lemma telescoping_sum_Suc: "telescoping_sum q z (Suc n) = telescoping_sum q (z * q) n"
proof -
  define A where "A m = z^m * q^(m^2 + m) * qbinomial q n m * qpoch q (z * q^(m + 2)) (n - m)" for m
  define B where "B m = z^(m + 1) * q^((m + 1)^2) * qbinomial q n m * qpoch q (z * q^(m + 2)) (n - m)" for m
  define f where "f m = z^m * q^(m^2) * qbinomial q (Suc n) m * qpoch q (z * q^Suc m) (Suc n - m)" for m
  have f0: "f 0 = A 0 - B 0"
    unfolding f_def A_def B_def by (simp add: qpoch_Suc_left algebra_simps power2_eq_square)
  have fSuc: "f (Suc m) = B m + (A (Suc m) - B (Suc m))" if "m \<le> n" for m
  proof (cases "m = n")
    case True
    then show ?thesis unfolding f_def A_def B_def by (simp add: qbinomial_eq_0)
  next
    case False
    define C where "C = qpoch q (z * q^(Suc m + 2)) (n - Suc m)"
    have split: "qpoch q (z * q^(m + 2)) (n - m) = (1 - z * q^(m + 2)) * C"
    proof -
      have "n - m = Suc (n - Suc m)" "z * q^(m + 2) * q = z * q^(Suc m + 2)"
        using that False by (simp_all add: mult.assoc)
      then show ?thesis unfolding C_def by (simp only: qpoch_Suc_left)
    qed
    have A: "A (Suc m) = z^(m + 1) * q^((m + 1)^2 + m + 1) * qbinomial q n (m + 1) * C"
      and B: "B (Suc m) = z^(m + 2) * q^((m + 2)^2) * qbinomial q n (m + 1) * C"
      unfolding A_def B_def C_def by simp_all
    have "f (Suc m) = B m + z^(m + 1) * q^((m + 1)^2 + m + 1) * qbinomial q n (m + 1)
        * qpoch q (z * q^(m + 2)) (n - m)"
      unfolding f_def B_def by (simp add: algebra_simps power_add power2_eq_square)
    also have "z^(m + 1) * q^((m + 1)^2 + m + 1) * qbinomial q n (m + 1) * qpoch q (z * q^(m + 2)) (n - m)
        = A (Suc m) - B (Suc m)"
      unfolding A B split by (simp add: algebra_simps power_add power2_eq_square)
    finally show ?thesis .
  qed
  have "telescoping_sum q z (Suc n) = f 0 + (\<Sum>m\<le>n. f (Suc m))"
    unfolding telescoping_sum_def f_def by (rule sum.atMost_Suc_shift)
  also have "(\<Sum>m\<le>n. f (Suc m)) = (\<Sum>m\<le>n. A (Suc m)) + (\<Sum>m\<le>n. B m - B (Suc m))"
    by (simp add: fSuc sum.distrib[symmetric] sum_subtractf[symmetric] algebra_simps)
  also have "(\<Sum>m\<le>n. B m - B (Suc m)) = B 0 - B (Suc n)"
    by (rule sum_telescope)
  also have "B (Suc n) = 0"
    unfolding B_def by (simp add: qbinomial_eq_0)
  also have "f 0 + ((\<Sum>m\<le>n. A (Suc m)) + (B 0 - 0)) = A 0 + (\<Sum>m\<le>n. A (Suc m))"
    using f0 by simp
  also have "\<dots> = (\<Sum>m\<le>Suc n. A m)"
    by (rule sum.atMost_Suc_shift[symmetric])
  also have "\<dots> = (\<Sum>m\<le>n. A m)"
    unfolding A_def by (simp add: qbinomial_eq_0)
  also have "\<dots> = telescoping_sum q (z * q) n"
    unfolding telescoping_sum_def A_def
    by (intro sum.cong) (simp_all add: algebra_simps power_add power2_eq_square)
  finally show ?thesis .
qed

lemma telescoping_sum_eq_1: "telescoping_sum q z n = 1"
proof (induction n arbitrary: z)
  case 0
  then show ?case by (simp add: telescoping_sum_def)
next
  case (Suc n)
  then show ?case by (simp add: telescoping_sum_Suc)
qed

section \<open>A pentagonal q-binomial sum in characteristic two\<close>

definition qbinomial_int :: "'a::comm_ring_1 \<Rightarrow> nat \<Rightarrow> int \<Rightarrow> 'a" where
  "qbinomial_int q m k = (if k < 0 then 0 else qbinomial q m (nat k))"

lemma qbinomial_int_nonzeroD:
  assumes "qbinomial_int q m k \<noteq> 0"
  shows "0 \<le> k \<and> k \<le> int m"
proof -
  have "0 \<le> k" and "qbinomial q m (nat k) \<noteq> 0"
    using assms by (auto simp: qbinomial_int_def split: if_splits)
  then show ?thesis
    using qbinomial_eq_0[of m "nat k" q] by linarith
qed

lemma qbinomial_int_Suc:
  "qbinomial_int q (Suc m) k = qbinomial_int q m (k - 1) + q^nat k * qbinomial_int q m k"
proof (cases "k \<le> 0")
  case True
  then show ?thesis by (cases "k = 0") (simp_all add: qbinomial_int_def)
next
  case False
  then have "nat k = Suc (nat (k - 1))"
    by arith
  then show ?thesis
    using False by (simp add: qbinomial_int_def)
qed

lemma qbinomial_int_Suc':
  fixes q :: "'a::idom"
  assumes nz: "\<And>k. qfact q k \<noteq> 0"
  shows "qbinomial_int q (Suc m) k = q^nat (int m + 1 - k) * qbinomial_int q m (k - 1) + qbinomial_int q m k"
proof (cases "k \<le> 0")
  case True
  then show ?thesis by (cases "k = 0") (simp_all add: qbinomial_int_def)
next
  case False
  define j where "j = nat (k - 1)"
  have j: "nat k = Suc j" "nat (k - 1) = j" "0 < k"
    using False unfolding j_def by arith+
  show ?thesis
  proof (cases "j \<le> m")
    case True
    then have "nat (int m + 1 - k) = m - j"
      using j by arith
    then show ?thesis
      using j qbinomial_Suc_Suc'[OF nz True] by (simp add: qbinomial_int_def)
  next
    case False
    then show ?thesis
      using j by (simp add: qbinomial_int_def qbinomial_eq_0)
  qed
qed

lemma qbinomial_int_symmetric:
  fixes q :: "'a::idom"
  assumes nz: "\<And>k. qfact q k \<noteq> 0"
  shows "qbinomial_int q m (int m - k) = qbinomial_int q m k"
proof (cases "0 \<le> k \<and> k \<le> int m")
  case True
  then obtain j where "k = int j" "j \<le> m"
    by (metis nonneg_int_cases of_nat_le_iff)
  moreover have "nat (int m - int j) = m - j"
    by simp
  ultimately show ?thesis
    using qbinomial_symmetric[OF nz] by (simp add: qbinomial_int_def)
next
  case False
  then show ?thesis
    by (auto simp: qbinomial_int_def qbinomial_eq_0)
qed

lemma finite_support_qbinomial_int:
  assumes "\<And>r. g r \<noteq> 0 \<Longrightarrow> qbinomial_int q m (c - r) \<noteq> 0"
  shows "finite {r. g r \<noteq> 0}"
proof (rule finite_subset[of _ "{c - int m..c}"])
  show "{r. g r \<noteq> 0} \<subseteq> {c - int m..c}"
    using qbinomial_int_nonzeroD assms by fastforce
qed simp

lemma uminus_eq_self_char_2:
  assumes "(2::'a::comm_ring_1) = 0"
  shows "- x = (x::'a)"
  using assms by (metis add_eq_0_iff2 mult_2 mult_zero_left)

lemma Sum_any_eq_0_char_2:
  fixes f :: "int \<Rightarrow> 'a::comm_ring_1"
  assumes "(2::'a) = 0" and fin: "finite {r. f r \<noteq> 0}" and sym: "\<And>r. f (-1 - r) = f r"
  shows "Sum_any f = 0"
proof -
  define g where "g r = (if 0 \<le> r then f r else 0)" for r
  define h where "h r = (if r < 0 then f r else 0)" for r
  have "Sum_any f = Sum_any (\<lambda>r. g r + h r)"
    by (rule Sum_any.cong) (simp add: g_def h_def)
  also have "\<dots> = Sum_any g + Sum_any h"
    by (rule Sum_any.distrib) (rule finite_subset[OF _ fin], auto simp: g_def h_def)+
  also have "Sum_any h = Sum_any g"
  proof (rule Sum_any.reindex_cong[of "\<lambda>r. -1 - r"])
    show "bij (\<lambda>r::int. -1 - r)"
      by (rule bij_betw_byWitness[of _ "\<lambda>r. -1 - r"]) auto
    show "h \<circ> (\<lambda>r. -1 - r) = g"
      by (rule ext) (auto simp: h_def g_def sym)
  qed
  finally show ?thesis
    using assms(1) by (metis mult_2 mult_zero_left)
qed

definition pent :: "int \<Rightarrow> int" where
  "pent r = r * (3 * r - 1) div 2"

lemma two_pent: "2 * pent r = r * (3 * r - 1)"
proof -
  have "even (r * (3 * r - 1))"
    by (cases "even r") auto
  then show ?thesis
    unfolding pent_def by simp
qed

lemma pent_nonneg: "0 \<le> pent r"
proof -
  have "0 \<le> r * (3 * r - 1)"
    by (cases "r \<ge> 1") (simp_all add: mult_nonpos_nonpos)
  then show ?thesis
    using two_pent[of r] by linarith
qed

lemma pent_reflect: "pent (-1 - r) = pent r + 4 * r + 2"
  using two_pent[of r] two_pent[of "-1 - r"] by (simp add: algebra_simps)

lemma pent_plus_1: "pent (r + 1) = pent r + 3 * r + 1"
  using two_pent[of r] two_pent[of "r + 1"] by (simp add: algebra_simps)

lemma pent_uminus: "pent (- r) = pent r + r"
  using two_pent[of r] two_pent[of "- r"] by (simp add: algebra_simps)

lemma power_nat_add_int:
  "0 \<le> a \<Longrightarrow> 0 \<le> b \<Longrightarrow> (q::'a::monoid_mult)^nat a * q^nat b = q^nat (a + b)"
  by (simp add: power_add[symmetric] nat_add_distrib)

lemma power2_power_nat_int: "0 \<le> a \<Longrightarrow> ((q::'a::monoid_mult)^2)^nat a = q^nat (2 * a)"
  by (simp add: power_mult[symmetric] nat_mult_distrib)

definition pent_sum :: "'a::comm_ring_1 \<Rightarrow> nat \<Rightarrow> int \<Rightarrow> 'a" where
  "pent_sum q m c = (\<Sum>r. q^nat (pent r) * qbinomial_int (q^2) m (c - r))"

lemma pent_sum_0: "pent_sum q 0 0 = 1"
proof -
  have "pent_sum q 0 0 = (\<Sum>r::int. if r = 0 then 1 else 0)"
    unfolding pent_sum_def
    by (rule Sum_any.cong) (auto simp: qbinomial_int_def pent_def qbinomial_eq_0)
  then show ?thesis
    by simp
qed

text \<open>The terms for \<open>r\<close> and \<open>-1 - r\<close> coincide (by \<open>pent_reflect\<close> and the symmetry of the
  q-binomial coefficients), so they cancel in pairs.\<close>

lemma pent_sum_twisted_eq_0:
  fixes q :: "'a::idom"
  assumes two: "(2::'a) = 0" and nz: "\<And>k. qfact (q^2) k \<noteq> 0" and n: "1 \<le> n"
  shows "(\<Sum>r. q^nat (pent r) * (q^2)^nat (int n + r) * qbinomial_int (q^2) (2*n - 1) (int n - 1 - r)) = 0"
    (is "Sum_any ?W = 0")
proof (rule Sum_any_eq_0_char_2[OF two])
  show "finite {r. ?W r \<noteq> 0}"
    by (rule finite_support_qbinomial_int[where c = "int n - 1"]) auto
  fix r
  have "int (2*n - 1) - (int n + r) = int n - 1 - r"
    using n by linarith
  then have sym: "qbinomial_int (q^2) (2*n - 1) (int n + r) = qbinomial_int (q^2) (2*n - 1) (int n - 1 - r)"
    by (metis qbinomial_int_symmetric[OF nz])
  show "?W (-1 - r) = ?W r"
  proof (cases "qbinomial_int (q^2) (2*n - 1) (int n - 1 - r) = 0")
    case True
    then show ?thesis using sym by simp
  next
    case False
    then have "- int n \<le> r" "r \<le> int n - 1"
      using qbinomial_int_nonzeroD[OF False] n by auto
    then have "q^nat (pent (-1 - r)) * (q^2)^nat (int n + (-1 - r)) = q^nat (pent r) * (q^2)^nat (int n + r)"
      using pent_nonneg[of r] pent_nonneg[of "-1 - r"]
      by (simp add: power2_power_nat_int power_nat_add_int pent_reflect algebra_simps)
    then show ?thesis
      using sym by (simp add: algebra_simps)
  qed
qed

lemma pent_sum_reduce_even:
  fixes q :: "'a::idom"
  assumes two: "(2::'a) = 0" and nz: "\<And>k. qfact (q^2) k \<noteq> 0" and n: "1 \<le> n"
  shows "pent_sum q (2*n) (int n) = pent_sum q (2*n - 1) (int n)"
proof -
  define m where "m = 2*n - 1"
  have sm: "2*n = Suc m"
    using n m_def by simp
  define W where "W r = q^nat (pent r) * (q^2)^nat (int n + r) * qbinomial_int (q^2) m (int n - 1 - r)" for r
  have "pent_sum q (2*n) (int n) = (\<Sum>r. W r + q^nat (pent r) * qbinomial_int (q^2) m (int n - r))"
  proof -
    have "int m + 1 - (int n - r) = int n + r" for r
      using sm by simp
    then show ?thesis
      unfolding pent_sum_def sm W_def
      by (intro Sum_any.cong) (simp add: qbinomial_int_Suc'[OF nz] algebra_simps)
  qed
  also have "\<dots> = Sum_any W + pent_sum q m (int n)"
    unfolding pent_sum_def
    by (rule Sum_any.distrib; rule finite_support_qbinomial_int) (auto simp: W_def)
  also have "Sum_any W = 0"
    using pent_sum_twisted_eq_0[OF two nz n] unfolding W_def m_def .
  finally show ?thesis
    by (simp add: m_def)
qed

lemma power_pent_shift:
  assumes "s \<le> int n"
  shows "(q::'a::comm_ring_1)^nat (pent (s + 1)) * (q^2)^nat (int n - s) = q * (q^2)^n * q^nat (pent (-s))"
proof -
  have "q^nat (pent (s + 1)) * (q^2)^nat (int n - s) = q^nat (pent (s + 1) + 2 * (int n - s))"
    using assms pent_nonneg[of "s + 1"] by (simp add: power2_power_nat_int power_nat_add_int)
  also have "pent (s + 1) + 2 * (int n - s) = (2 * int n + 1) + pent (-s)"
    by (simp add: pent_plus_1 pent_uminus)
  also have "q^nat ((2 * int n + 1) + pent (-s)) = q^nat (2 * int n + 1) * q^nat (pent (-s))"
    using pent_nonneg[of "-s"] by (simp add: power_nat_add_int)
  also have "q^nat (2 * int n + 1) = q * (q^2)^n"
    by (simp add: nat_add_distrib nat_mult_distrib power_mult[symmetric])
  finally show ?thesis .
qed

lemma pent_sum_shifted:
  fixes q :: "'a::idom"
  assumes nz: "\<And>k. qfact (q^2) k \<noteq> 0"
  shows "(\<Sum>r. q^nat (pent r) * (q^2)^nat (int n + 1 - r) * qbinomial_int (q^2) (2*n) (int n + 1 - r))
       = q * (q^2)^n * pent_sum q (2*n) (int n)"
proof -
  define V where "V r = q^nat (pent r) * (q^2)^nat (int n + 1 - r) * qbinomial_int (q^2) (2*n) (int n + 1 - r)" for r
  define V' where "V' s = q^nat (pent (-s)) * qbinomial_int (q^2) (2*n) (int n - s)" for s
  have "Sum_any V = (\<Sum>s. V (s + 1))"
    by (rule Sum_any.reindex_cong[of "\<lambda>s. s + 1"])
       (auto intro: bij_betw_byWitness[of _ "\<lambda>s. s - 1"])
  also have "\<dots> = (\<Sum>s. q * (q^2)^n * V' s)"
  proof (rule Sum_any.cong)
    fix s
    show "V (s + 1) = q * (q^2)^n * V' s"
    proof (cases "qbinomial_int (q^2) (2*n) (int n - s) = 0")
      case True
      then show ?thesis by (simp add: V_def V'_def)
    next
      case False
      then have s: "s \<le> int n"
        using qbinomial_int_nonzeroD[OF False] by auto
      then show ?thesis
        using power_pent_shift[of s n q] by (simp add: V_def V'_def algebra_simps)
    qed
  qed
  also have "\<dots> = q * (q^2)^n * Sum_any V'"
    by (rule Sum_any_right_distrib[symmetric])
       (rule finite_support_qbinomial_int, auto simp: V'_def)
  also have "Sum_any V' = (\<Sum>t. V' (-t))"
    by (rule Sum_any.reindex_cong[of uminus]) (auto intro: bij_betw_byWitness[of _ uminus])
  also have "\<dots> = pent_sum q (2*n) (int n)"
    unfolding pent_sum_def
  proof (rule Sum_any.cong)
    fix t
    have "qbinomial_int (q^2) (2*n) (int n + t) = qbinomial_int (q^2) (2*n) (int n - t)"
      using qbinomial_int_symmetric[OF nz, of "2*n" "int n + t"] by simp
    then show "V' (-t) = q^nat (pent t) * qbinomial_int (q^2) (2*n) (int n - t)"
      by (simp add: V'_def)
  qed
  finally show ?thesis
    unfolding V_def .
qed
▬▬▬
**TASK DETAILS:** Please go through the data above and copy each line containing the word "metis".

**OUTPUT FOR THIS TASK:**
    by (metis nonneg_int_cases of_nat_le_iff)
  using assms by (metis add_eq_0_iff2 mult_2 mult_zero_left)
    using assms(1) by (metis mult_2 mult_zero_left)
    by (metis qbinomial_int_symmetric[OF nz])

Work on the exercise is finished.